Marina Vishmidt: Relatable Alienation – The Logic and History of an Idea

This presentation will intervene on the hypothesis that the role of the artist is distinguished by unalienated labour. This will proceed in three stages and a coda: 1. Outlining the difference between alienation and objectification; 2. What is alienated and what is not alienated about artistic labour?; 3. What is the role of exceptionality in the rule of the capitalist form of value more generally?


Kerstin Stakemeier: 
The Aesthetic Properties of Alienation

In (aesthetic) theories of the twentieth century alienation is thought of as the modern subject’s original sin: it signifies it’s separation from the world it capitalized. But alienation is much more than that: our alienation is our self-property.

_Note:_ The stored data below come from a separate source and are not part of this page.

lemma sum_root_div_sub_roots:
  fixes c :: "nat \<Rightarrow> 'a::field"
  assumes "n \<ge> 2" "inj_on c {1..n}" "\<And>b. b \<in> {1..n} \<Longrightarrow> c b ^ n = c b"
    and "of_nat n = (0 :: 'a)" and "w ^ n \<noteq> w"
  shows "(\<Sum>b\<in>{1..n}. c b / (w - c b)) = - w / (w ^ n - w)"
proof -
  have "w \<noteq> c b" if "b \<in> {1..n}" for b
    using assms(3,5) that by auto
  then have "(\<Sum>b\<in>{1..n}. c b / (w - c b)) = (\<Sum>b\<in>{1..n}. w * (1 / (w - c b)) - 1)"
    by (intro sum.cong) (auto simp: field_simps)
  also have "\<dots> = w * (\<Sum>b\<in>{1..n}. 1 / (w - c b)) - of_nat n"
    by (simp only: sum_subtractf sum_distrib_left) simp
  also have "\<dots> = - w / (w ^ n - w)"
    using sum_inverse_sub_roots[OF assms] assms(4) by simp
  finally show ?thesis .
qed

lemma of_nat_roots_CHAR:
  assumes "prime p" "CHAR('a::field) = p"
  shows "inj_on (of_nat :: nat \<Rightarrow> 'a) {1..p}" "(of_nat b :: 'a) ^ p = of_nat b"
    and "inj_on (\<lambda>b. - of_nat b :: 'a) {1..p}" "(- of_nat b :: 'a) ^ p = - of_nat b"
proof -
  show inj: "inj_on (of_nat :: nat \<Rightarrow> 'a) {1..p}"
    using inj_on_of_nat_CHAR[where 'a='a] unfolding assms(2) .
  show pow: "(of_nat b :: 'a) ^ p = of_nat b"
    by (rule of_nat_power_CHAR[where 'a='a, unfolded assms(2), OF assms(1)])
  show "(- of_nat b :: 'a) ^ p = - of_nat b"
    by (simp only: minus_power_prime_CHAR[OF assms(2)[symmetric] assms(1)] pow)
  show "inj_on (\<lambda>b. - of_nat b :: 'a) {1..p}"
    using inj unfolding inj_on_def by (metis neg_equal_iff_equal)
qed

lemma power_CHAR_minus_self_eq_prod:
  fixes w :: "'a::field"
  assumes "prime p" "CHAR('a) = p"
  shows "w ^ p - w = (\<Prod>b\<in>{1..p}. w - of_nat b)"
    and "w ^ p - w = (\<Prod>b\<in>{1..p}. w + of_nat b)"
proof -
  have "p \<ge> 2" using assms(1) by (rule prime_ge_2_nat)
  note roots = of_nat_roots_CHAR[OF assms]
  show "w ^ p - w = (\<Prod>b\<in>{1..p}. w - of_nat b)"
    by (rule power_minus_self_eq_prod_roots) (use \<open>p \<ge> 2\<close> roots in auto)
  have "w ^ p - w = (\<Prod>b\<in>{1..p}. w - - of_nat b)"
    by (rule power_minus_self_eq_prod_roots) (use \<open>p \<ge> 2\<close> roots in auto)
  then show "w ^ p - w = (\<Prod>b\<in>{1..p}. w + of_nat b)" by simp
qed

lemma power_CHAR_eq_self_iff:
  fixes w :: "'a::field"
  assumes "prime p" "CHAR('a) = p"
  shows "w ^ p = w \<longleftrightarrow> (\<exists>b\<in>{1..p}. w = of_nat b)"
  using power_CHAR_minus_self_eq_prod(1)[OF assms, of w] of_nat_roots_CHAR(2)[OF assms]
  by (auto simp: prod_zero_iff)

lemma sum_of_nat_div_CHAR:
  fixes w :: "'a::field"
  assumes "prime p" "CHAR('a) = p" "w ^ p \<noteq> w"
  shows "(\<Sum>b\<in>{1..p}. of_nat b / (w - of_nat b)) = - w / (w ^ p - w)"
    and "(\<Sum>b\<in>{1..p}. of_nat b / (w + of_nat b)) = w / (w ^ p - w)"
proof -
  have "p \<ge> 2" using assms(1) by (rule prime_ge_2_nat)
  have "of_nat p = (0 :: 'a)" using of_nat_CHAR[where 'a='a] assms(2) by simp
  note roots = of_nat_roots_CHAR[OF assms(1,2)]
  show "(\<Sum>b\<in>{1..p}. of_nat b / (w - of_nat b)) = - w / (w ^ p - w)"
    by (rule sum_root_div_sub_roots)
      (use \<open>p \<ge> 2\<close> \<open>of_nat p = 0\<close> roots assms(3) in auto)
  have "(\<Sum>b\<in>{1..p}. - of_nat b / (w - - of_nat b)) = - w / (w ^ p - w)"
    by (rule sum_root_div_sub_roots)
      (use \<open>p \<ge> 2\<close> \<open>of_nat p = 0\<close> roots assms(3) in auto)
  then show "(\<Sum>b\<in>{1..p}. of_nat b / (w + of_nat b)) = w / (w ^ p - w)"
    by (simp add: sum_negf)
qed

section \<open>Rational functions, derivation and logarithmic differentials\<close>

lemma ratfun_const_zero: "ratfun_const 0 = (0 :: 'a::field ratfun)"
  by (simp add: ratfun_const_def ratfun_of_poly_def Zero_fract_def)

lemma ratfun_const_one: "ratfun_const 1 = (1 :: 'a::field ratfun)"
  by (simp add: ratfun_const_def ratfun_of_poly_def One_fract_def flip: one_pCons)

lemma ratfun_const_of_nat: "ratfun_const (of_nat n) = (of_nat n :: 'a::field ratfun)"
  by (simp add: ratfun_const_def ratfun_of_poly_def of_nat_fract of_nat_poly)

lemma ratfun_const_diff: "ratfun_const (a - b) = ratfun_const a - (ratfun_const b :: 'a::field ratfun)"
  by (simp add: ratfun_const_def ratfun_of_poly_def)

lemma ratfun_const_uminus: "ratfun_const (- a) = - (ratfun_const a :: 'a::field ratfun)"
  using ratfun_const_diff[of 0 a] by (simp add: ratfun_const_zero)

lemma ratfun_const_mult: "ratfun_const (a * b) = ratfun_const a * (ratfun_const b :: 'a::field ratfun)"
  by (simp add: ratfun_const_def ratfun_of_poly_def mult.commute)

lemma ratfun_const_power: "ratfun_const (a ^ n) = (ratfun_const a :: 'a::field ratfun) ^ n"
  by (induction n) (simp_all add: ratfun_const_mult ratfun_const_one)

lemma ratfun_var_ne_const: "ratfun_var \<noteq> (ratfun_const c :: 'a::field ratfun)"
  by (simp add: ratfun_var_def ratfun_const_def ratfun_of_poly_def eq_fract)

lemma ratfun_translate_var_ne_zero:
  shows "ratfun_var + of_nat a \<noteq> (0 :: 'a::field ratfun)"
    and "ratfun_const \<beta> - ratfun_var - of_nat a \<noteq> (0 :: 'a ratfun)"
proof -
  show "ratfun_var + of_nat a \<noteq> (0 :: 'a ratfun)"
  proof
    assume "ratfun_var + of_nat a = (0 :: 'a ratfun)"
    then have "ratfun_var = (- of_nat a :: 'a ratfun)"
      by (simp add: eq_neg_iff_add_eq_0)
    also have "\<dots> = ratfun_const (- of_nat a)"
      by (simp add: ratfun_const_uminus ratfun_const_of_nat)
    finally show False using ratfun_var_ne_const by blast
  qed
  show "ratfun_const \<beta> - ratfun_var - of_nat a \<noteq> (0 :: 'a ratfun)"
  proof
    assume "ratfun_const \<beta> - ratfun_var - of_nat a = (0 :: 'a ratfun)"
    then have "ratfun_var = ratfun_const \<beta> - (of_nat a :: 'a ratfun)"
      by (simp add: algebra_simps)
    also have "\<dots> = ratfun_const (\<beta> - of_nat a)"
      by (simp add: ratfun_const_diff ratfun_const_of_nat)
    finally show False using ratfun_var_ne_const by blast
  qed
qed

lemma ratfun_var_power_CHAR_ne:
  fixes \<beta> :: "'a::field"
  assumes "prime p" "CHAR('a) = p"
  shows "ratfun_var ^ p \<noteq> (ratfun_var :: 'a ratfun)"
    and "(ratfun_const \<beta> - ratfun_var) ^ p \<noteq> (ratfun_const \<beta> - ratfun_var :: 'a ratfun)"
proof -
  have char: "CHAR('a ratfun) = p" using assms(2) by simp
  show "ratfun_var ^ p \<noteq> (ratfun_var :: 'a ratfun)"
    using ratfun_var_ne_const[of "of_nat b" for b]
    by (auto simp: power_CHAR_eq_self_iff[OF assms(1) char] ratfun_const_of_nat)
  show "(ratfun_const \<beta> - ratfun_var) ^ p \<noteq> (ratfun_const \<beta> - ratfun_var :: 'a ratfun)"
    using ratfun_translate_var_ne_zero(2)[of \<beta>]
    by (auto simp: power_CHAR_eq_self_iff[OF assms(1) char])
qed

lemma ratfun_deriv_Fract:
  fixes a b :: "'a::field poly"
  assumes "b \<noteq> 0"
  shows "ratfun_deriv (Fract a b) = Fract (pderiv a * b - a * pderiv b) (b * b)"
  unfolding ratfun_deriv_def
proof (rule the_equality)
  show "\<forall>a' b'. b' \<noteq> 0 \<longrightarrow> Fract a b = Fract a' b' \<longrightarrow>
      Fract (pderiv a * b - a * pderiv b) (b * b) = Fract (pderiv a' * b' - a' * pderiv b') (b' * b')"
  proof (intro allI impI)
    fix a' b' :: "'a poly"
    assume b': "b' \<noteq> 0" and "Fract a b = Fract a' b'"
    then have cross: "a * b' = a' * b" using assms by (simp add: eq_fract)
    then have cross': "pderiv a * b' + a * pderiv b' = pderiv a' * b + a' * pderiv b"
      by (metis pderiv_mult mult.commute)
    have "(pderiv a * b - a * pderiv b) * (b' * b') - (pderiv a' * b' - a' * pderiv b') * (b * b)
        = b * b' * ((pderiv a * b' + a * pderiv b') - (pderiv a' * b + a' * pderiv b))
          - (pderiv b * b' + pderiv b' * b) * (a * b' - a' * b)"
      by (simp add: algebra_simps)
    then have "(pderiv a * b - a * pderiv b) * (b' * b') = (pderiv a' * b' - a' * pderiv b') * (b * b)"
      by (simp add: cross cross')
    then show "Fract (pderiv a * b - a * pderiv b) (b * b)
        = Fract (pderiv a' * b' - a' * pderiv b') (b' * b')"
      using assms b' by (simp add: eq_fract)
  qed
qed (use assms in blast)

lemma ratfun_deriv_add: "ratfun_deriv (f + g :: 'a::field ratfun) = ratfun_deriv f + ratfun_deriv g"
  by (cases f, cases g) (simp add: ratfun_deriv_Fract eq_fract pderiv_add pderiv_mult algebra_simps)

lemma ratfun_deriv_mult:
  "ratfun_deriv (f * g :: 'a::field ratfun) = ratfun_deriv f * g + f * ratfun_deriv g"
  by (cases f, cases g) (simp add: ratfun_deriv_Fract eq_fract pderiv_add pderiv_mult algebra_simps)

lemma ratfun_deriv_const [simp]: "ratfun_deriv (ratfun_const c) = 0"
  by (simp add: ratfun_const_def ratfun_of_poly_def ratfun_deriv_Fract pderiv_pCons Zero_fract_def eq_fract)

lemma ratfun_deriv_var [simp]: "ratfun_deriv (ratfun_var :: 'a::field ratfun) = 1"
  by (simp add: ratfun_var_def ratfun_of_poly_def ratfun_deriv_Fract pderiv_pCons One_fract_def eq_fract)

lemma ratfun_deriv_of_nat [simp]: "ratfun_deriv (of_nat n :: 'a::field ratfun) = 0"
  by (metis ratfun_const_of_nat ratfun_deriv_const)

lemma ratfun_deriv_one [simp]: "ratfun_deriv (1 :: 'a::field ratfun) = 0"
  using ratfun_deriv_of_nat[of 1] by simp

lemma ratfun_deriv_diff: "ratfun_deriv (f - g :: 'a::field ratfun) = ratfun_deriv f - ratfun_deriv g"
  using ratfun_deriv_add[of "f - g" g] by simp

lemma ratfun_deriv_power:
  "ratfun_deriv (f ^ n :: 'a::field ratfun) = of_nat n * f ^ (n - 1) * ratfun_deriv f"
  by (induction n) (auto simp: ratfun_deriv_mult algebra_simps power_eq_if)

lemma dlog_mult:
  "f \<noteq> 0 \<Longrightarrow> g \<noteq> 0 \<Longrightarrow> dlog (f * g :: 'a::field ratfun) = dlog f + dlog g"
  by (simp add: dlog_def ratfun_deriv_mult field_simps)

lemma dlog_divide:
  assumes "f \<noteq> 0" "g \<noteq> (0 :: 'a::field ratfun)"
  shows "dlog (f / g) = dlog f - dlog g"
  using dlog_mult[of "f / g" g] assms by simp

lemma dlog_power: "f \<noteq> 0 \<Longrightarrow> dlog (f ^ n :: 'a::field ratfun) = of_nat n * dlog f"
  by (induction n) (simp_all add: dlog_def dlog_mult ratfun_deriv_mult field_simps)

lemma dlog_prod:
  "finite A \<Longrightarrow> (\<And>a. a \<in> A \<Longrightarrow> f a \<noteq> 0) \<Longrightarrow>
    dlog (\<Prod>a\<in>A. f a :: 'a::field ratfun) = (\<Sum>a\<in>A. dlog (f a))"
  by (induction A rule: finite_induct) (simp_all add: dlog_mult dlog_def[of 1])

section \<open>The function delta\<close>

lemma dlog_delta_fun:
  fixes \<beta> :: "'a::field"
  assumes "prime p" "CHAR('a) = p"
  defines "y \<equiv> ratfun_var :: 'a ratfun"
  defines "z \<equiv> ratfun_const \<beta> - y"
  shows "dlog (delta_fun p \<beta> y) = z / (z ^ p - z) - y / (y ^ p - y)"
proof -
  have char: "CHAR('a ratfun) = p" using assms(2) by simp
  have y_ne: "y + of_nat a \<noteq> 0" and z_ne: "z - of_nat a \<noteq> 0" for a
    using ratfun_translate_var_ne_zero by (simp_all add: y_def z_def)
  have factor: "ratfun_const \<beta> - (y + of_nat a) = z - of_nat a" for a
    by (simp add: z_def)
  define T where "T a = - (of_nat a / (z - of_nat a)) - of_nat a / (y + of_nat a)" for a
  have dlog_z: "dlog (z - of_nat a) = - 1 / (z - of_nat a)" for a
    by (simp add: dlog_def z_def y_def ratfun_deriv_diff)
  have dlog_y: "dlog (y + of_nat a) = 1 / (y + of_nat a)" for a
    by (simp add: dlog_def y_def ratfun_deriv_add)
  have dlog_factor: "dlog (((z - of_nat a) / (y + of_nat a)) ^ a) = T a" for a
  proof -
    have "dlog (((z - of_nat a) / (y + of_nat a)) ^ a)
        = of_nat a * (dlog (z - of_nat a) - dlog (y + of_nat a))"
      using y_ne[of a] z_ne[of a] by (simp add: dlog_power dlog_divide)
    then show ?thesis by (simp add: dlog_z dlog_y T_def algebra_simps)
  qed
  have "dlog (delta_fun p \<beta> y) = (\<Sum>a\<in>{1..p-1}. T a)"
    unfolding delta_fun_def factor using y_ne z_ne
    by (simp add: dlog_prod dlog_factor)
  also have "\<dots> = (\<Sum>a\<in>{1..p}. T a)"
  proof -
    have "{1..p} = insert p {1..p-1}" "p \<notin> {1..p-1}"
      using prime_gt_0_nat[OF assms(1)] by auto
    moreover have "T p = 0"
      using of_nat_CHAR[where 'a="'a ratfun", unfolded char] by (simp add: T_def)
    ultimately show ?thesis by simp
  qed
  also have "\<dots> = - (\<Sum>a\<in>{1..p}. of_nat a / (z - of_nat a))
      - (\<Sum>a\<in>{1..p}. of_nat a / (y + of_nat a))"
    by (simp add: T_def sum_subtractf sum_negf)
  also have "\<dots> = z / (z ^ p - z) - y / (y ^ p - y)"
  proof -
    have "y ^ p \<noteq> y" "z ^ p \<noteq> z"
      unfolding z_def y_def by (rule ratfun_var_power_CHAR_ne[OF assms(1,2)])+
    then show ?thesis
      by (simp only: sum_of_nat_div_CHAR(1)[OF assms(1) char \<open>z ^ p \<noteq> z\<close>]
          sum_of_nat_div_CHAR(2)[OF assms(1) char \<open>y ^ p \<noteq> y\<close>]) simp
  qed
  finally show ?thesis .
qed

Kerstin Stakemeier investigates historical and contemporary lineages of aesthetic praxis which expose this self-property to dynamisms of self-expropriation, treating alienation not so much as an original sin but rather as a constitutive privilege.


Angela Dimitrakaki: 
Left with TINA – Alienation and Anti-communism

A number of movements and struggles take as the crux of their politics an “anti” stance, the most visible perhaps among them figured and configured as “anti-capitalism”; contemporary struggles on the left often self-identify as anti-capitalist. This paper will seek to problematise the ideological space (and time) of this “anti” stance by linking it to capitalism’s most successful ideological campaign, itself headed by another“anti”: anti-communism.